* [PROVIDED ENTRIES]
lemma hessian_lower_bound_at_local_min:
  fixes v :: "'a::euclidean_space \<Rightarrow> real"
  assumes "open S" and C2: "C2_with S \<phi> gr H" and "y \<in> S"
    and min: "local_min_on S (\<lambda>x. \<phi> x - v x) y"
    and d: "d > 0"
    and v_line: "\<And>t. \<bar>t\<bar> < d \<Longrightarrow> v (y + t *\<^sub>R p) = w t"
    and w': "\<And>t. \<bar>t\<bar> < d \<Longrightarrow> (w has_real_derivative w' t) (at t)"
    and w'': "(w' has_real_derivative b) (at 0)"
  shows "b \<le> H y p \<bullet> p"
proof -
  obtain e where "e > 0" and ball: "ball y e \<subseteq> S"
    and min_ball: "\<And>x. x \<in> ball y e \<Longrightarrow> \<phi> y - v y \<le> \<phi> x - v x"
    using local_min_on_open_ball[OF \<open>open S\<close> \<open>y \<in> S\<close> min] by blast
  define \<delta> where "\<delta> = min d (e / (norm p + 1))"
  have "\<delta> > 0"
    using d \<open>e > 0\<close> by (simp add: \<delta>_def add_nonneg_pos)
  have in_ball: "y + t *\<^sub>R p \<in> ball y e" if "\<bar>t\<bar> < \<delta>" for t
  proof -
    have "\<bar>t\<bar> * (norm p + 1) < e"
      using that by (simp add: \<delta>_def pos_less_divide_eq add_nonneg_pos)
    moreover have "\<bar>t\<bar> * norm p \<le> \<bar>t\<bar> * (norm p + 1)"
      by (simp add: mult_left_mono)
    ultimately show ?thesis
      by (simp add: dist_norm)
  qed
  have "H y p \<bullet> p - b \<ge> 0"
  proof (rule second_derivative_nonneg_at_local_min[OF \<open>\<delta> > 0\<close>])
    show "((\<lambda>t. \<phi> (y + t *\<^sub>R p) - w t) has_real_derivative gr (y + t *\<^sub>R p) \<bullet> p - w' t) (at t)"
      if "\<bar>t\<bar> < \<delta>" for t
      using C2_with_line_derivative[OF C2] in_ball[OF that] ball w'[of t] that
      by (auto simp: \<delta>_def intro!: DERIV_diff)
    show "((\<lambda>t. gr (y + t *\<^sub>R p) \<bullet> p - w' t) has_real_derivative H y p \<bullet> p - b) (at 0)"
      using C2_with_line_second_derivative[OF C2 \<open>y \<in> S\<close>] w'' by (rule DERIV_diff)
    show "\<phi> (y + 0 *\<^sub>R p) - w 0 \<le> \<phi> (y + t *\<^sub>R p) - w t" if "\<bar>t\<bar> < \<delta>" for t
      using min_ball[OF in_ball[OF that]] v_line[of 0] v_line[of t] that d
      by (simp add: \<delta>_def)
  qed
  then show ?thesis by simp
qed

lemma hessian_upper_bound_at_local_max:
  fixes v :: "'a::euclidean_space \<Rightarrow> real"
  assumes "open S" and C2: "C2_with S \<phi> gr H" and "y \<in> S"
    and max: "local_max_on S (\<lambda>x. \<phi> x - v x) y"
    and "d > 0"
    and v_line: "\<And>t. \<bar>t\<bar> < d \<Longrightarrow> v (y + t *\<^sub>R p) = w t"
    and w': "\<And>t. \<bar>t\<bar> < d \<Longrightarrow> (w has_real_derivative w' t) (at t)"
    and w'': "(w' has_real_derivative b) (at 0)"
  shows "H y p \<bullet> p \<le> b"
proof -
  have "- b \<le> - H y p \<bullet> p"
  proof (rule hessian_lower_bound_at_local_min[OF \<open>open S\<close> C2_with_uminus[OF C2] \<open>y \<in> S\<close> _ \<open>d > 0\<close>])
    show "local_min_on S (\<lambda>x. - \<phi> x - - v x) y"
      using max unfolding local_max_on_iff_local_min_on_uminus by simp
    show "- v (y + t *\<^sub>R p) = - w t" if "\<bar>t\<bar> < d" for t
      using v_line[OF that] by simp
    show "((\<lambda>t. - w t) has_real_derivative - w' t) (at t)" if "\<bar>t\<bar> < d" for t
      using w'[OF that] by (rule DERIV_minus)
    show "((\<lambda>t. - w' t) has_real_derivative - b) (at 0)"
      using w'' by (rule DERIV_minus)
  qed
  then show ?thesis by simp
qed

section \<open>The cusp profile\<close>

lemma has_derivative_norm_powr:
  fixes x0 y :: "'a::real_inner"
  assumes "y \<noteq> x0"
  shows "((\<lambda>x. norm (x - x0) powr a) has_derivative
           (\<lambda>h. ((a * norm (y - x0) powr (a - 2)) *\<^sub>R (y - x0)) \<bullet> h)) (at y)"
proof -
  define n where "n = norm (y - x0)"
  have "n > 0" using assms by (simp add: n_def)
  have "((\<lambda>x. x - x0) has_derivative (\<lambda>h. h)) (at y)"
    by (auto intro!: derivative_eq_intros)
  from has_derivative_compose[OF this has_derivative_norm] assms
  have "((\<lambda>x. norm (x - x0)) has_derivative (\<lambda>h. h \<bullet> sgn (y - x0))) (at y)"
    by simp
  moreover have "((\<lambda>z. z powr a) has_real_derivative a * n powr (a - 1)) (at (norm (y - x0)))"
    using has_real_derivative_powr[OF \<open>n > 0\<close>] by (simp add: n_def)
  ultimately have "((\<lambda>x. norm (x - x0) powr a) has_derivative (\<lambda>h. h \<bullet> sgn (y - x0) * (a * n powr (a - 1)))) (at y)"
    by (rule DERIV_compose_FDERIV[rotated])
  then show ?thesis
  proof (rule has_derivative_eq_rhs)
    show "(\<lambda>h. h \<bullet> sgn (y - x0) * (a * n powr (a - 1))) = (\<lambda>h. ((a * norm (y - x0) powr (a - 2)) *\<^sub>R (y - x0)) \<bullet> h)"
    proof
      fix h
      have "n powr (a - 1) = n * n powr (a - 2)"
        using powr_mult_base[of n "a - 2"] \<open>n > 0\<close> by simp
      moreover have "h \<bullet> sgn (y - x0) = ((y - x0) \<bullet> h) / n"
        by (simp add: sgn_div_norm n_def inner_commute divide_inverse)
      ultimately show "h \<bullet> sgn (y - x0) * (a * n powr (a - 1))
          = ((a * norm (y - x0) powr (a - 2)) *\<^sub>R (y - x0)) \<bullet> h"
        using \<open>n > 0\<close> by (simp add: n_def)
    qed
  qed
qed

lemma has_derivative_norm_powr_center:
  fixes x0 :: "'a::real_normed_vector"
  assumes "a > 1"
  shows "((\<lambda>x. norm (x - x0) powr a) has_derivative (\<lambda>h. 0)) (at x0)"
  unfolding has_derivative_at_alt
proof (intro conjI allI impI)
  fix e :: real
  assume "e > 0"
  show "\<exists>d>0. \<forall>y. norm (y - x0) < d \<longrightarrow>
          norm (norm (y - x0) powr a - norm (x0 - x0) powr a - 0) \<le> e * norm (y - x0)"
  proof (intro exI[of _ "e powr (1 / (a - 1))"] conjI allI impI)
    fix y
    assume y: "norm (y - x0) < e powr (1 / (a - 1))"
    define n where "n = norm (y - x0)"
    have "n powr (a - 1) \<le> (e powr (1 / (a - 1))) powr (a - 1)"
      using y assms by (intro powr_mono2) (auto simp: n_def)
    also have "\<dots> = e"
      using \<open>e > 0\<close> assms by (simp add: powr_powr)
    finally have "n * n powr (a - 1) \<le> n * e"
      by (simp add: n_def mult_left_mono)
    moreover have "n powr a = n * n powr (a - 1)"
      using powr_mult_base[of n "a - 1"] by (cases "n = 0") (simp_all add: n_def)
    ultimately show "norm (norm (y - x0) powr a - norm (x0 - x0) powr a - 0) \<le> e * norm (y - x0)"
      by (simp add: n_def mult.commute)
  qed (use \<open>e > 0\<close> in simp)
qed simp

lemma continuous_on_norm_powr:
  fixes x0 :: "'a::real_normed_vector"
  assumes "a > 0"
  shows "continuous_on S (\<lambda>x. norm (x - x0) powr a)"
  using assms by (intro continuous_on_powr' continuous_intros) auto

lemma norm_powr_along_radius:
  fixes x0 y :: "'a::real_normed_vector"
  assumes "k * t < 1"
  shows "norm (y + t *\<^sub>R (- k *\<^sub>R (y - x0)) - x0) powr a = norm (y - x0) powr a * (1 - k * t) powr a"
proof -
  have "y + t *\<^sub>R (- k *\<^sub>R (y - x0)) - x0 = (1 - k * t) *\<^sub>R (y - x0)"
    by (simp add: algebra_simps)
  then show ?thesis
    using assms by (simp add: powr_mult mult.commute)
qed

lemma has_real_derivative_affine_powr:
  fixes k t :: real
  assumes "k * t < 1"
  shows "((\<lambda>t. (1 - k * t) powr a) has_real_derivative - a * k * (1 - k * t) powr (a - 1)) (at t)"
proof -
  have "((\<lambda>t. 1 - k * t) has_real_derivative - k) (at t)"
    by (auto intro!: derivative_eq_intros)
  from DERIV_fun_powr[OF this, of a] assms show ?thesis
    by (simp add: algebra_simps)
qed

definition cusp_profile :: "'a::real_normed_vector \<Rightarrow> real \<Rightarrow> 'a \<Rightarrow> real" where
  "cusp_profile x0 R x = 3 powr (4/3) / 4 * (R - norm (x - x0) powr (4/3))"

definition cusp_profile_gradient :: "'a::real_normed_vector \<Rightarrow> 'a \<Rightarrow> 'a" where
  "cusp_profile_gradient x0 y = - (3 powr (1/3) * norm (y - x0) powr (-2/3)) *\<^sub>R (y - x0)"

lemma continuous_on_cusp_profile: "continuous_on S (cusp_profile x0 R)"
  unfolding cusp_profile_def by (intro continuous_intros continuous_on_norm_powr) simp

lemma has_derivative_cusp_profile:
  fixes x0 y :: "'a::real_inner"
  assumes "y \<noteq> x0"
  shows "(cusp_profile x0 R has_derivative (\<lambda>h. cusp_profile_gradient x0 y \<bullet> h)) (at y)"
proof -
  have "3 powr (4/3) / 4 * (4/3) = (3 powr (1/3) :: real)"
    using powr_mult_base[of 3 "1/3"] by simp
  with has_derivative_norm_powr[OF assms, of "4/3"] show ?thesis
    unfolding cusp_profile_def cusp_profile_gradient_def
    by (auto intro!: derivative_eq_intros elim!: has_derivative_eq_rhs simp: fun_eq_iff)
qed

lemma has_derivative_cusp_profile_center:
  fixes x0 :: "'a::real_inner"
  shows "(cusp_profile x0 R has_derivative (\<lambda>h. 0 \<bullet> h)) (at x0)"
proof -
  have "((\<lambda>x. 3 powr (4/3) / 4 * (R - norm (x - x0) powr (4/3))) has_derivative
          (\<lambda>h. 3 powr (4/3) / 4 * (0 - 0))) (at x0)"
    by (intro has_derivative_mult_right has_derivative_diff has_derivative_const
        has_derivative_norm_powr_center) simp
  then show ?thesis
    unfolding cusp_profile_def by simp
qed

* [WORK ORDER]
Set down, unchanged, the line that contains "using powr_mult_base[of 3" together with every later line in the records, through the last one.

* [YOUR SOLUTION]
    using powr_mult_base[of 3 "1/3"] by simp
  with has_derivative_norm_powr[OF assms, of "4/3"] show ?thesis
    unfolding cusp_profile_def cusp_profile_gradient_def
    by (auto intro!: derivative_eq_intros elim!: has_derivative_eq_rhs simp: fun_eq_iff)
qed

lemma has_derivative_cusp_profile_center:
  fixes x0 :: "'a::real_inner"
  shows "(cusp_profile x0 R has_derivative (\<lambda>h. 0 \<bullet> h)) (at x0)"
proof -
  have "((\<lambda>x. 3 powr (4/3) / 4 * (R - norm (x - x0) powr (4/3))) has_derivative
          (\<lambda>h. 3 powr (4/3) / 4 * (0 - 0))) (at x0)"
    by (intro has_derivative_mult_right has_derivative_diff has_derivative_const
        has_derivative_norm_powr_center) simp
  then show ?thesis
    unfolding cusp_profile_def by simp
qed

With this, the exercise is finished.